*** Begin section ***

lemma l2_inner_far_small:
  assumes w: "w \<in> l2" and e: "0 < e"
  shows "\<exists>B. \<forall>N\<ge>B. \<forall>v\<in>far_unit_vectors N. cmod (l2_inner v w) \<le> e"
proof -
  let ?g = "\<lambda>n. (cmod (w n))\<^sup>2"
  obtain F where F: "finite F" "dist (sum ?g F) (l2_sqnorm w) \<le> e\<^sup>2"
    using infsum_finite_approximation[OF w[unfolded l2_iff_summable], of "e\<^sup>2"] e
    unfolding l2_sqnorm_def by auto
  define B where "B = Max (insert 0 (abs ` F))"
  have FB: "n \<in> F \<Longrightarrow> \<bar>n\<bar> \<le> B" for n unfolding B_def using F(1) by auto
  show ?thesis
  proof (intro exI[of _ B] allI impI ballI)
    fix N v assume "B \<le> N" "v \<in> far_unit_vectors N"
    then have S: "finite {n. v n \<noteq> 0}" and outside: "\<And>m. \<bar>m\<bar> \<le> N \<Longrightarrow> v m = 0"
      and unit: "l2_sqnorm v = 1" and SF: "{n. v n \<noteq> 0} \<inter> F = {}"
      using FB unfolding far_unit_vectors_def by force+
    let ?S = "{n. v n \<noteq> 0}"
    have "sum ?g ?S + sum ?g F = sum ?g (?S \<union> F)"
      using S F(1) SF by (simp add: sum.union_disjoint)
    also have "\<dots> \<le> l2_sqnorm w"
      unfolding l2_sqnorm_def
      by (rule finite_sum_le_infsum[OF w[unfolded l2_iff_summable]]) (use S F(1) in auto)
    finally have tail: "sum ?g ?S \<le> e\<^sup>2" using F(2) by (simp add: dist_real_def abs_le_iff)
    have v_unit: "(\<Sum>n\<in>?S. (cmod (v n))\<^sup>2) = 1"
      using unit unfolding l2_sqnorm_def by (subst (asm) infsum_finite_support[OF S]) auto
    have "cmod (l2_inner v w) = cmod (\<Sum>n\<in>?S. v n * cnj (w n))"
      unfolding l2_inner_def by (subst infsum_finite_support[OF S]) auto
    also have "\<dots> \<le> (\<Sum>n\<in>?S. cmod (v n) * cmod (w n))"
      by (rule order_trans[OF norm_sum]) (simp add: norm_mult)
    also have "\<dots> \<le> (\<Sum>n\<in>?S. (e * (cmod (v n))\<^sup>2 + (cmod (w n))\<^sup>2 / e) / 2)"
    proof (rule sum_mono)
      fix n
      have "0 \<le> (e * cmod (v n) - cmod (w n))\<^sup>2" by simp
      then show "cmod (v n) * cmod (w n) \<le> (e * (cmod (v n))\<^sup>2 + (cmod (w n))\<^sup>2 / e) / 2"
        using e by (simp add: power2_diff power_mult_distrib field_simps power2_eq_square)
    qed
    also have "\<dots> = (e * 1 + sum ?g ?S / e) / 2"
      by (simp add: v_unit sum_divide_distrib[symmetric] sum_distrib_left[symmetric] sum.distrib)
    also have "\<dots> \<le> (e + e\<^sup>2 / e) / 2"
      using tail e by (simp add: divide_right_mono)
    also have "\<dots> = e" using e by (simp add: power2_eq_square)
    finally show "cmod (l2_inner v w) \<le> e" .
  qed
qed

lemma far_unit_vectors_antimono: "N \<le> N' \<Longrightarrow> far_unit_vectors N' \<subseteq> far_unit_vectors N"
  unfolding far_unit_vectors_def by auto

*** End section ***

Your instructions - Please retype the data exactly as it stands, from its first line down to the line that contains "(\<Sum>n\<in>?S. cmod (v", then stop.

Written solution -
lemma l2_inner_far_small:
  assumes w: "w \<in> l2" and e: "0 < e"
  shows "\<exists>B. \<forall>N\<ge>B. \<forall>v\<in>far_unit_vectors N. cmod (l2_inner v w) \<le> e"
proof -
  let ?g = "\<lambda>n. (cmod (w n))\<^sup>2"
  obtain F where F: "finite F" "dist (sum ?g F) (l2_sqnorm w) \<le> e\<^sup>2"
    using infsum_finite_approximation[OF w[unfolded l2_iff_summable], of "e\<^sup>2"] e
    unfolding l2_sqnorm_def by auto
  define B where "B = Max (insert 0 (abs ` F))"
  have FB: "n \<in> F \<Longrightarrow> \<bar>n\<bar> \<le> B" for n unfolding B_def using F(1) by auto
  show ?thesis
  proof (intro exI[of _ B] allI impI ballI)
    fix N v assume "B \<le> N" "v \<in> far_unit_vectors N"
    then have S: "finite {n. v n \<noteq> 0}" and outside: "\<And>m. \<bar>m\<bar> \<le> N \<Longrightarrow> v m = 0"
      and unit: "l2_sqnorm v = 1" and SF: "{n. v n \<noteq> 0} \<inter> F = {}"
      using FB unfolding far_unit_vectors_def by force+
    let ?S = "{n. v n \<noteq> 0}"
    have "sum ?g ?S + sum ?g F = sum ?g (?S \<union> F)"
      using S F(1) SF by (simp add: sum.union_disjoint)
    also have "\<dots> \<le> l2_sqnorm w"
      unfolding l2_sqnorm_def
      by (rule finite_sum_le_infsum[OF w[unfolded l2_iff_summable]]) (use S F(1) in auto)
    finally have tail: "sum ?g ?S \<le> e\<^sup>2" using F(2) by (simp add: dist_real_def abs_le_iff)
    have v_unit: "(\<Sum>n\<in>?S. (cmod (v n))\<^sup>2) = 1"
      using unit unfolding l2_sqnorm_def by (subst (asm) infsum_finite_support[OF S]) auto
    have "cmod (l2_inner v w) = cmod (\<Sum>n\<in>?S. v n * cnj (w n))"
      unfolding l2_inner_def by (subst infsum_finite_support[OF S]) auto
    also have "\<dots> \<le> (\<Sum>n\<in>?S. cmod (v n) * cmod (w n))"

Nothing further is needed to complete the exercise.